Your statement is rather vague, but I generate each sample one at a time at their correct times. So obviously, the S-DSP routine is called and generates exactly one sample ~32,000 times a second. On the real SNES, of course, the S-DSP runs much faster than 32khz, and uses it's extra time to perform memory fetches and internal calculations (output rate is still 32khz, of course). Nobody in the SNES emulation scene has the skill necessary for determining what and when the S-DSP is fetching, so current emulation as in bsnes is about as accurate as you're going to get. anomie wrote the core, and he basically read back the mixed results and compared to his emulation to get it to where it is today.

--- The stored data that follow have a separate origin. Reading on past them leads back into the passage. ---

lemma E_invariant_imp_A1_levels_vanish:
  assumes E: "E_invariant A1 A2" and A2: "\<And>x y z. A2 x y z = level M C2 0 x y"
    and "2 \<le> c"
  shows "C1 a b c = 0"
proof (rule ccontr)
  assume "C1 a b c \<noteq> 0"
  let ?L = "{c. \<exists>a b. C1 a b c \<noteq> 0}"
  define m where "m = Max ?L"
  have "finite ?L"
    by (rule finite_subset[of _ "{..M}"]) (auto dest: C1.coeff_bounded(3))
  then have "m \<in> ?L"
    using \<open>C1 a b c \<noteq> 0\<close> unfolding m_def by (intro Max_in) auto
  have above_m: "c' \<le> m" if "C1 a' b' c' \<noteq> 0" for a' b' c'
    using \<open>finite ?L\<close> that unfolding m_def by (auto intro: Max_ge)
  then have "c \<le> m" using \<open>C1 a b c \<noteq> 0\<close> .
  have "m \<le> M" using \<open>m \<in> ?L\<close> C1.coeff_bounded(3) by blast
  have "A1 1 t z = (\<Sum>c\<le>m. level M C1 c 1 t * z^c)" for t z
    unfolding A1_expansion
  proof (rule sum.mono_neutral_right)
    show "\<forall>i\<in>{..M} - {..m}. level M C1 i 1 t * z^i = 0"
      using above_m by (force simp: level_def intro!: sum.neutral)
  qed (use \<open>m \<le> M\<close> in auto)
  then have "finite {t. level M C1 m 1 t \<noteq> 0}"
    using \<open>2 \<le> c\<close> \<open>c \<le> m\<close> A2
    by (intro E_invariant_imp_top_coeff_finite_support[OF E, where h = "level M C2 0 1"]) auto
  then have "C1 a' b' m = 0" for a' b'
    by (intro C1.coeff_eq_0_if_infinite_chart_roots infinite_zeros_if_finite_nonzeros)
  with \<open>m \<in> ?L\<close> show False by blast
qed

lemma riccati_G_and_E_invariant_imp_top_level_eq_1:
  assumes R: "riccati_G A1 A2" and E: "E_invariant A1 A2" shows "top_level = 1"
proof -
  have C2_high: "level M C2 c x y = 0" if "1 \<le> c" for c x y
    using riccati_G_imp_A2_levels_vanish[OF R that] by (simp add: level_def)
  have A2: "A2 x y z = level M C2 0 x y" for x y z
  proof -
    have "A2 x y z = level M C2 0 x y * z^0"
      unfolding A2_expansion by (rule sum_eq_single_nonzero) (auto simp: C2_high)
    then show ?thesis by simp
  qed
  have C1_high: "C1 a b c = 0" if "2 \<le> c" for a b c
    by (rule E_invariant_imp_A1_levels_vanish[OF E A2 that])
  have C0_high: "C0 a b c = 0" if "2 \<le> c" for a b c
  proof (rule C0.coeff_eq_0_if_level_chart_eq_0)
    fix t
    obtain c' where c': "c = Suc c'" "1 \<le> c'" using \<open>2 \<le> c\<close> by (cases c) auto
    have "level M C1 c 1 t = 0" using C1_high \<open>2 \<le> c\<close> by (simp add: level_def)
    then show "level M C0 c 1 t = 0"
      using euler_level[of 1 c' t] C2_high[OF c'(2)] c'(1) by simp
  qed
  have "\<exists>a b. C0 a b 1 \<noteq> 0 \<or> C1 a b 1 \<noteq> 0"
  proof (rule ccontr)
    assume "\<not> ?thesis"
    then have "level M C0 1 x y = 0" "level M C1 1 x y = 0" for x y
      by (simp_all add: level_def)
    then have "level M C2 0 1 t = 0" for t
      using euler_level[of 1 0 t] C0.k_pos by simp
    with riccati_G_imp_level_0_chart_nonzero[OF R] show False by blast
  qed
  with C0_high C1_high show ?thesis
    unfolding top_level_eq_1_iff by blast
qed

lemma riccati_G_and_E_invariant_iff_top_level_eq_1:
  "riccati_G A1 A2 \<and> E_invariant A1 A2 \<longleftrightarrow> top_level = 1"
  using riccati_G_and_E_invariant_imp_top_level_eq_1 top_level_eq_1_imp_riccati_G_and_E_invariant
  by blast

lemma top_level_eq_1_imp_has_invariant_line:
  assumes "top_level = 1" shows "has_invariant_line A0 A1 A2"
proof -
  obtain a b where "C0 a b 1 \<noteq> 0 \<or> C1 a b 1 \<noteq> 0"
    using assms unfolding top_level_eq_1_iff by blast
  from active_coeff_weight[OF this] have "1 \<le> d - int k" by simp
  define n where "n = nat (d - int k)"
  have "1 \<le> n" "n \<le> M" using \<open>1 \<le> d - int k\<close> C2.degree_le by (simp_all add: n_def)
  have "a + b = n" if "C2 a b 0 \<noteq> 0" for a b
    using C2.support[OF that] by (simp add: n_def)
  then obtain \<alpha> \<beta> where line: "(\<alpha>, \<beta>) \<noteq> (0, 0)"
    and vanish: "\<And>x y. \<alpha> * x + \<beta> * y = 0 \<Longrightarrow> level M C2 0 x y = 0"
    using level_vanishes_on_line \<open>1 \<le> n\<close> \<open>n \<le> M\<close> by blast
  have "invariant_curve A0 A1 A2 (\<lambda>x0 x1 x2. \<alpha> * x0 + \<beta> * x1)"
    using poly3_A0 poly3_A1 poly3_A2 euler line
    by (rule invariant_line_if_A2_vanishes_on_line)
       (simp add: vanish top_level_eq_1_imp_A2_eq_level_0[OF assms])
  with line show ?thesis
    unfolding has_invariant_line_def by blast
qed

end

I should also mention that any "is this an emulator?" checks that rely on more than 32khz precision of the S-DSP would be extremely unreliable on real hardware as well. The S-SMP isn't fast enough and lacks true precision timers necessary to accurately gauge interactions between it and the S-DSP at the clock level.
SNES9x and ZSNES run several samples at the same time, but they tend to invalidate their caches under certain conditions anyway, so the results are pretty close. You should be more shocked that ZSNES doesn't even have opcode timing for its' S-SMP (SPC700) emulation. It treats nop and div as taking the same amount of time to complete.

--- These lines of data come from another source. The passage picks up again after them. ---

lemma ITE_counting_bounds:
  assumes g: "g > 0" and g1: "g \<noteq> 1" and r: "r \<ge> 0"
  shows "\<bar>real (N_geom g r) - \<bar>real (N_dir 1 r) - real (N_dir (1 / g^2) r)\<bar>\<bar> \<le> 3"
    and "\<bar>\<bar>real (N_dir 1 r) - real (N_dir (1 / g^2) r)\<bar> - \<bar>1 - g\<bar> * r / pi\<bar> \<le> 3"
proof -
  define u where "u = ITE_phase g r / pi"
  have "ITE_phase g 0 \<le> ITE_phase g r" using mono_ITE_phase[OF g] r by (rule monoD)
  then have NG: "real (N_geom g r) = of_int \<lfloor>u\<rfloor>"
    using N_geom_eq_floor[OF g g1 r] by (simp add: u_def)
  have N1: "real (N_dir 1 r) = of_int \<lfloor>r / pi\<rfloor>"
    using N_dir_eq_floor[of 1 r] r by simp
  have Ng: "real (N_dir (1 / g^2) r) = of_int \<lfloor>g * r / pi\<rfloor>"
    using N_dir_eq_floor[of "1 / g^2" r] r g by (simp add: real_sqrt_divide mult.commute)
  have "r / pi - g * r / pi = (1 - g) * (r / pi)" by (simp add: algebra_simps diff_divide_distrib)
  then have linear: "\<bar>1 - g\<bar> * r / pi = \<bar>r / pi - g * r / pi\<bar>" using r by (simp add: abs_mult)
  have "\<bar>u - \<bar>1 - g\<bar> * r / pi\<bar> = \<bar>ITE_phase g r - \<bar>1 - g\<bar> * r\<bar> / pi"
    by (simp add: u_def diff_divide_distrib[symmetric])
  also have "\<dots> < 1 / 2" using ITE_phase_approx[of g r] by (simp add: divide_less_eq)
  finally have u: "\<bar>u - \<bar>r / pi - g * r / pi\<bar>\<bar> < 1 / 2" unfolding linear .
  have floor: "\<bar>\<bar>of_int \<lfloor>r / pi\<rfloor> - of_int \<lfloor>g * r / pi\<rfloor>\<bar> - \<bar>r / pi - g * r / pi\<bar>\<bar> < 1"
    by (rule abs_floor_diff_approx)
  show "\<bar>real (N_geom g r) - \<bar>real (N_dir 1 r) - real (N_dir (1 / g^2) r)\<bar>\<bar> \<le> 3"
    using u floor of_int_floor_le[of u] real_of_int_floor_gt_diff_one[of u]
    unfolding NG N1 Ng abs_less_iff abs_le_iff by linarith
  show "\<bar>\<bar>real (N_dir 1 r) - real (N_dir (1 / g^2) r)\<bar> - \<bar>1 - g\<bar> * r / pi\<bar> \<le> 3"
    using floor unfolding N1 Ng linear by linarith
qed

theorem theorem2:
  fixes \<gamma> :: real
  assumes "\<gamma> > 0" and "\<gamma> \<noteq> 1"
  shows "(\<lambda>r. real (N_geom \<gamma> r) - \<bar>real (N_dir 1 r) - real (N_dir (1 / \<gamma>^2) r)\<bar>)
            \<in> O[at_top](\<lambda>_. 1)
       \<and> (\<lambda>r. \<bar>real (N_dir 1 r) - real (N_dir (1 / \<gamma>^2) r)\<bar> - \<bar>1 - \<gamma>\<bar> * r / pi)
            \<in> O[at_top](\<lambda>_. 1)"
proof
  have ev: "eventually (\<lambda>r. r \<ge> (0::real)) at_top" by (rule eventually_ge_at_top)
  show "(\<lambda>r. real (N_geom \<gamma> r) - \<bar>real (N_dir 1 r) - real (N_dir (1 / \<gamma>^2) r)\<bar>) \<in> O[at_top](\<lambda>_. 1)"
    using ITE_counting_bounds(1)[OF assms]
    by (intro bigoI[where c = 3] eventually_mono[OF ev]) simp
  show "(\<lambda>r. \<bar>real (N_dir 1 r) - real (N_dir (1 / \<gamma>^2) r)\<bar> - \<bar>1 - \<gamma>\<bar> * r / pi) \<in> O[at_top](\<lambda>_. 1)"
    using ITE_counting_bounds(2)[OF assms]
    by (intro bigoI[where c = 3] eventually_mono[OF ev]) simp
qed

end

As for your VRAM question, perhaps you're not taking into account that each tilemap entry has a 10-bit character index, giving you 1,024 tiles to work with per BG. I often stick 8x8 variable-width tiledata after the 8x8 font in VRAM. This is usually reserved for textbox data or something. You can use extra memory around it, or use it all when the textbox isn't onscreen anyway. And if d4s were so inclined, moving the location of the tiledata in VRAM is doable, too (eg if there is background data immediately after the 256 characters used by the 8x8 font). But way more work.